> [Exercise material]:
§ §

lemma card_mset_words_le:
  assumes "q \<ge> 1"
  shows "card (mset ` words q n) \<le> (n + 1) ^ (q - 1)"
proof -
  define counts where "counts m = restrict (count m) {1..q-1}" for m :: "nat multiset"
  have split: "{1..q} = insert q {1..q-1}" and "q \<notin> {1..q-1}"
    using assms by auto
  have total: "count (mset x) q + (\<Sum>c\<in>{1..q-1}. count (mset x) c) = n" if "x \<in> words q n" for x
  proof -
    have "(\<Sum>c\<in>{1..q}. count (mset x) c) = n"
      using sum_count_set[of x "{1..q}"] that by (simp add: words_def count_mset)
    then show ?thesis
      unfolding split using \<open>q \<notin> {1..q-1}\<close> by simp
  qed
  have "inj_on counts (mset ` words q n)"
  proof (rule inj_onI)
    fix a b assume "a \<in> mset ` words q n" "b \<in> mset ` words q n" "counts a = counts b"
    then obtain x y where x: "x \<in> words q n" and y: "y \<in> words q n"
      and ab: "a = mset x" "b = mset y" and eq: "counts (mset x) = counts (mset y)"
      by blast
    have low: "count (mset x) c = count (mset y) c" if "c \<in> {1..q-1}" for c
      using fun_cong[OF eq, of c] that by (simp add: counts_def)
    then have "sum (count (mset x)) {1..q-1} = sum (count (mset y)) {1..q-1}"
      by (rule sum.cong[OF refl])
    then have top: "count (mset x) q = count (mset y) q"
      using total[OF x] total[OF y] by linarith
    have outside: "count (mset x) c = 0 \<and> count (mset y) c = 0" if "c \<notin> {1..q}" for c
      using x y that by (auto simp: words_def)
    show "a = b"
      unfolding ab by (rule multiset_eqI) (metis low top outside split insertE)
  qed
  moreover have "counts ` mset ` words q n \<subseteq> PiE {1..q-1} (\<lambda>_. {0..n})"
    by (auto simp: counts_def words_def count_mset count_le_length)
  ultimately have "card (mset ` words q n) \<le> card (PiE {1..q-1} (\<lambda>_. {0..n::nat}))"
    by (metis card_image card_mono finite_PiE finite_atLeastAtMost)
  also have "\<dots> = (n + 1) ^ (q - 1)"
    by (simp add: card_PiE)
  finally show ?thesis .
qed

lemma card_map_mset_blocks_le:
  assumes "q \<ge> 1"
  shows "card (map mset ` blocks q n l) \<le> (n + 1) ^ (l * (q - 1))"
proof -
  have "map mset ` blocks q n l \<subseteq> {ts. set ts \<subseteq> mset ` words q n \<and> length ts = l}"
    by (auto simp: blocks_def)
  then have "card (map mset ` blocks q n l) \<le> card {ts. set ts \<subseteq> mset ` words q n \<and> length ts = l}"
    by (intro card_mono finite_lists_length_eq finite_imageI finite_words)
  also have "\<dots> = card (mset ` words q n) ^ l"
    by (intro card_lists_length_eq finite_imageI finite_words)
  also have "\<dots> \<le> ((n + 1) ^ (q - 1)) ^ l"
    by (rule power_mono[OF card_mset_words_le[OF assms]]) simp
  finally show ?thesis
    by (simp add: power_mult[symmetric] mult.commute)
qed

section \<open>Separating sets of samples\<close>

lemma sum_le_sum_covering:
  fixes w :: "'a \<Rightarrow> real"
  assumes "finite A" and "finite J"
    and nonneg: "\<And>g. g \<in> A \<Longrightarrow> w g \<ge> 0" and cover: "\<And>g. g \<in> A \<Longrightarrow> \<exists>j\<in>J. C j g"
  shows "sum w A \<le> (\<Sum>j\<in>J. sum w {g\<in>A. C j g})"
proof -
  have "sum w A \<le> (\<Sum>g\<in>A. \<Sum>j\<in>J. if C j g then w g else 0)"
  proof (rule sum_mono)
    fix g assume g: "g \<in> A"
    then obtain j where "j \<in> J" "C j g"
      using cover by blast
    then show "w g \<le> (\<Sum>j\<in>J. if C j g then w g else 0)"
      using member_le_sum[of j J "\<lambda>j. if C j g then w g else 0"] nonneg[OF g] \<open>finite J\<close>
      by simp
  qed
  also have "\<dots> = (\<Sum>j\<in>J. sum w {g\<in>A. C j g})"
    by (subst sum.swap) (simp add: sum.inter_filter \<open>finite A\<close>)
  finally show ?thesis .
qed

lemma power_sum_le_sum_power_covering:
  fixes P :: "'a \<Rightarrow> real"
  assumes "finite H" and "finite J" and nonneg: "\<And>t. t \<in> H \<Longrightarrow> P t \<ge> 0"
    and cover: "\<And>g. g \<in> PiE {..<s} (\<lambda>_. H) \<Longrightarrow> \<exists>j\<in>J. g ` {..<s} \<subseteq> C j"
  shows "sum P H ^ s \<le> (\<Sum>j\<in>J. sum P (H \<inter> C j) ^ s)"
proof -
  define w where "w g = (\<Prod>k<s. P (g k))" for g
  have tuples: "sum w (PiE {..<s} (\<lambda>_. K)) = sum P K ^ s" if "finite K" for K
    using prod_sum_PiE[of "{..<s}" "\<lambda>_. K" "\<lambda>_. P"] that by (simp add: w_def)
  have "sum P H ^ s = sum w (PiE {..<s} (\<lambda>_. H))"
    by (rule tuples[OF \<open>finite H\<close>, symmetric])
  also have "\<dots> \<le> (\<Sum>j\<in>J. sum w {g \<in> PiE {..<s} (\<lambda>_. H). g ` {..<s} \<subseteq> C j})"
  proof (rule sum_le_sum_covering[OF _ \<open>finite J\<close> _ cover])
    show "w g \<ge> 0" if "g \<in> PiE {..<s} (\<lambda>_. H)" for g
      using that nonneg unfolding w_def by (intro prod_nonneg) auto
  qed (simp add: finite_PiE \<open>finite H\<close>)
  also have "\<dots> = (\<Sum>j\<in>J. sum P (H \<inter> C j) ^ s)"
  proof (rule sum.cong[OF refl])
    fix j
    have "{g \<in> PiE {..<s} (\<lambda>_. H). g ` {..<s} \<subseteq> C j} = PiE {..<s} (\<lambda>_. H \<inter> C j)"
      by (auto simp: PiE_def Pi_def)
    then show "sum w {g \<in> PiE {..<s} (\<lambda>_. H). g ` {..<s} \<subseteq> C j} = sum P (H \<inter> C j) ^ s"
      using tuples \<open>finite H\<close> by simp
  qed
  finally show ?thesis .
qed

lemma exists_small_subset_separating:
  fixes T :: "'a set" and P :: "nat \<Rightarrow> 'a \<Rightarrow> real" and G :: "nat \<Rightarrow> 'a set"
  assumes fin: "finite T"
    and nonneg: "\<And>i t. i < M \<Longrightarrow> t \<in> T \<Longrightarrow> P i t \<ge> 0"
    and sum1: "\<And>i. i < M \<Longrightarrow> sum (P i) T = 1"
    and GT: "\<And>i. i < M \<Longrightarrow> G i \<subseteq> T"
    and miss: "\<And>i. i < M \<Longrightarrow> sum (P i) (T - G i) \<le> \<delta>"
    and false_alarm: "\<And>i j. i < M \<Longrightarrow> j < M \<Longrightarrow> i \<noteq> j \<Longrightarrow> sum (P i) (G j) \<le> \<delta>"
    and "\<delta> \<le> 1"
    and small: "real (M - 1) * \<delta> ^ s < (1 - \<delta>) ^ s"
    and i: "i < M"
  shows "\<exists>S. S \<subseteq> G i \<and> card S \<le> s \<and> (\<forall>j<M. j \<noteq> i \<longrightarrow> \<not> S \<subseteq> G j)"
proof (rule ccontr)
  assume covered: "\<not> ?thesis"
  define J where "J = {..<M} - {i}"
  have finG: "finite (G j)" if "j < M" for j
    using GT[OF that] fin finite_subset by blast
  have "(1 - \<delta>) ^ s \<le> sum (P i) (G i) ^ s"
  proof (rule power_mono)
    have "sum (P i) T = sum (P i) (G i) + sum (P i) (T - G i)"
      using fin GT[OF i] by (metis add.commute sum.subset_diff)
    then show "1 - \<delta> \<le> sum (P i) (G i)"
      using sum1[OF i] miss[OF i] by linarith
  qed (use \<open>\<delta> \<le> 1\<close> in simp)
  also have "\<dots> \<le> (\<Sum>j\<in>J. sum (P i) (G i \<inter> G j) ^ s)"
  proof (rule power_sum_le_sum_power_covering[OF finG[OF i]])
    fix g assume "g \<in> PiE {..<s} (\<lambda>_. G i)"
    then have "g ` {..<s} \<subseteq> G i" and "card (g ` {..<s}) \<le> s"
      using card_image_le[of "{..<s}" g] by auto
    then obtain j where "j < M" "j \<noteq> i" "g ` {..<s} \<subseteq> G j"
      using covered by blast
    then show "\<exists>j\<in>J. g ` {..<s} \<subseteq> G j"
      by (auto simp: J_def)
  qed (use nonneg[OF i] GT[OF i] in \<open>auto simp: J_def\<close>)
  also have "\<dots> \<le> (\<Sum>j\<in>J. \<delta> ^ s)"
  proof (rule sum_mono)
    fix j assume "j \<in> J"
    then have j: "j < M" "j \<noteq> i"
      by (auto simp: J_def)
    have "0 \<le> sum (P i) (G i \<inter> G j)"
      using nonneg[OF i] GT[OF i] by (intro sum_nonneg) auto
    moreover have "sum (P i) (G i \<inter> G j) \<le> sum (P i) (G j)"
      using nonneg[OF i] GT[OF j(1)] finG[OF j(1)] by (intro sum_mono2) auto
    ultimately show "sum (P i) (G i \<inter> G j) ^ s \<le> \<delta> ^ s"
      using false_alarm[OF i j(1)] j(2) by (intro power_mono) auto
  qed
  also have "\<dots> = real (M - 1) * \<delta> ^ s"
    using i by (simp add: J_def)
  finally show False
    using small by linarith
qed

§ §

> [Task prompt]: Report only the number of lines above that contain "subseteq".

> [Response box]: 12